I guess not. I talked myself out of the range thing thinking about an example.
Comment 32 Zac Medico gentoo-dev 2011-05-11 17:45:10 UTC
It's worth mentioning that portage-2.2.0_alpha31 has the following new options that can be used as a substitute for revdep-rebuild in some cases. Since ebuilds don't provide any ABI metadata at this time, these options trigger rebuilds of reverse dependencies when dependencies are rebuilt (due to --newuse or whatnot) or upgraded/downgraded (version changes):

    --rebuild-if-unbuilt [ y | n ]
      Rebuild packages when dependencies that are used at both build-time and
      run-time are built.

    --rebuild-if-new-rev [ y | n ]
      Rebuild packages when dependencies that are used at both build-time and
      run-time are built, if the dependency is not already installed with the
      same version and revision.

    --rebuild-if-new-ver [ y | n ]
      Rebuild packages when dependencies that are used at both build-time and
      run-time are built, if the dependency is not already installed with the
      same version. Revision numbers are ignored.

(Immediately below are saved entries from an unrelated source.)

(* Let $n\ge 3$ be an odd integer and $k\ge 3$ an integer. Then $\psi(C_n\square P_k)=3$, i.e. the minimum size of a doubly resolving set of the cartesian product $C_n\square P_k$ is $3$.
   Context: All graphs are finite and connected; $d(u,v)$ is the shortest-path distance. $C_n$ is the cycle on $n$ vertices and $P_k$ the path on $k$ vertices. The cartesian product $G\square H$ has vertex set $V(G)\times V(H)$, with $(g_1,h_1)$ adjacent to $(g_2,h_2)$ iff either $h_1=h_2$ and $g_1g_2\in E(G)$, or $g_1=g_2$ and $h_1h_2\in E(H)$. For an ordered set $Q=\{q_1,\dots,q_l\}$ of vertices, $r(x|Q)=(d(x,q_1),\dots,d(x,q_l))$. $Q$ is a doubly resolving set of $G$ if for any two distinct vertices $x,y$ of $G$, $r(x|Q)-r(y|Q)\neq\lambda(1,\dots,1)$ for every integer $\lambda$. $\psi(G)$ denotes the minimum size of a doubly resolving set of $G$. *)

theory Defs
  imports Main
begin

definition is_walk :: "('a \<Rightarrow> 'a \<Rightarrow> bool) \<Rightarrow> 'a set \<Rightarrow> 'a list \<Rightarrow> bool" where
  "is_walk E V xs \<longleftrightarrow> xs \<noteq> [] \<and> set xs \<subseteq> V \<and>
     (\<forall>i. Suc i < length xs \<longrightarrow> E (xs ! i) (xs ! Suc i))"

definition gdist :: "'a set \<Rightarrow> ('a \<Rightarrow> 'a \<Rightarrow> bool) \<Rightarrow> 'a \<Rightarrow> 'a \<Rightarrow> nat" where
  "gdist V E u v = (LEAST m. \<exists>xs. is_walk E V xs \<and> hd xs = u \<and> last xs = v \<and> length xs = Suc m)"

These options will be in included in portage-2.1.10 which will be released in approximately one month.
Comment 33 James Broadhead 2011-05-11 17:58:30 UTC
^ Which of those will be defaults? Will the rebuilds be trigger-able by ebuild writers?
Comment 34 Zac Medico gentoo-dev 2011-05-11 18:03:14 UTC
(In reply to comment #33)
> ^ Which of those will be defaults? Will the rebuilds be trigger-able by ebuild
> writers?

They won't be enabled by default, but you can add them to EMERGE_DEFAULT_OPTS in make.conf. They won't be trigger-able by ebuild writers, since anything like that would require that ebuilds provide support ABI metadata as discussed in bug 192319.
Comment 35 Matthew Thode ( prometheanfire ) archtester Gentoo Infrastructure gentoo-dev Security 2014-02-17 06:18:41 UTC
is this not fixed by the @preserved-rebuild stuff?
Comment 36 Brian Dolbec (RETIRED) gentoo-dev 2014-02-17 07:30:45 UTC
No, @preserved-rebuild does not solve all issues with emerge related breakage unless all ebuilds are EAPI 5 and have PROPERLY filled out ABI subslots.

But since the toolchain is EAPI 0 still (I know it's changing) among others... the --rebuild-* options are a way to preemptively fix breakage that the user knows will occur for certain pkgs.  I've changed catalyst's update-seed operation due to dependencies of gcc being updated without gcc being rebuilt. It caused delayed breakage.  While the initial breakage occurred in the stage1 generation, The problem did not show up until stage2 mid-run.
Comment 37 Sam James archtester Gentoo Infrastructure gentoo-dev Security 2022-07-28 05:20:29 UTC
We're essentially done w/ all EAPIs in tree supporting subslot deps and rebuilds. The only remaining issue is bug 449094.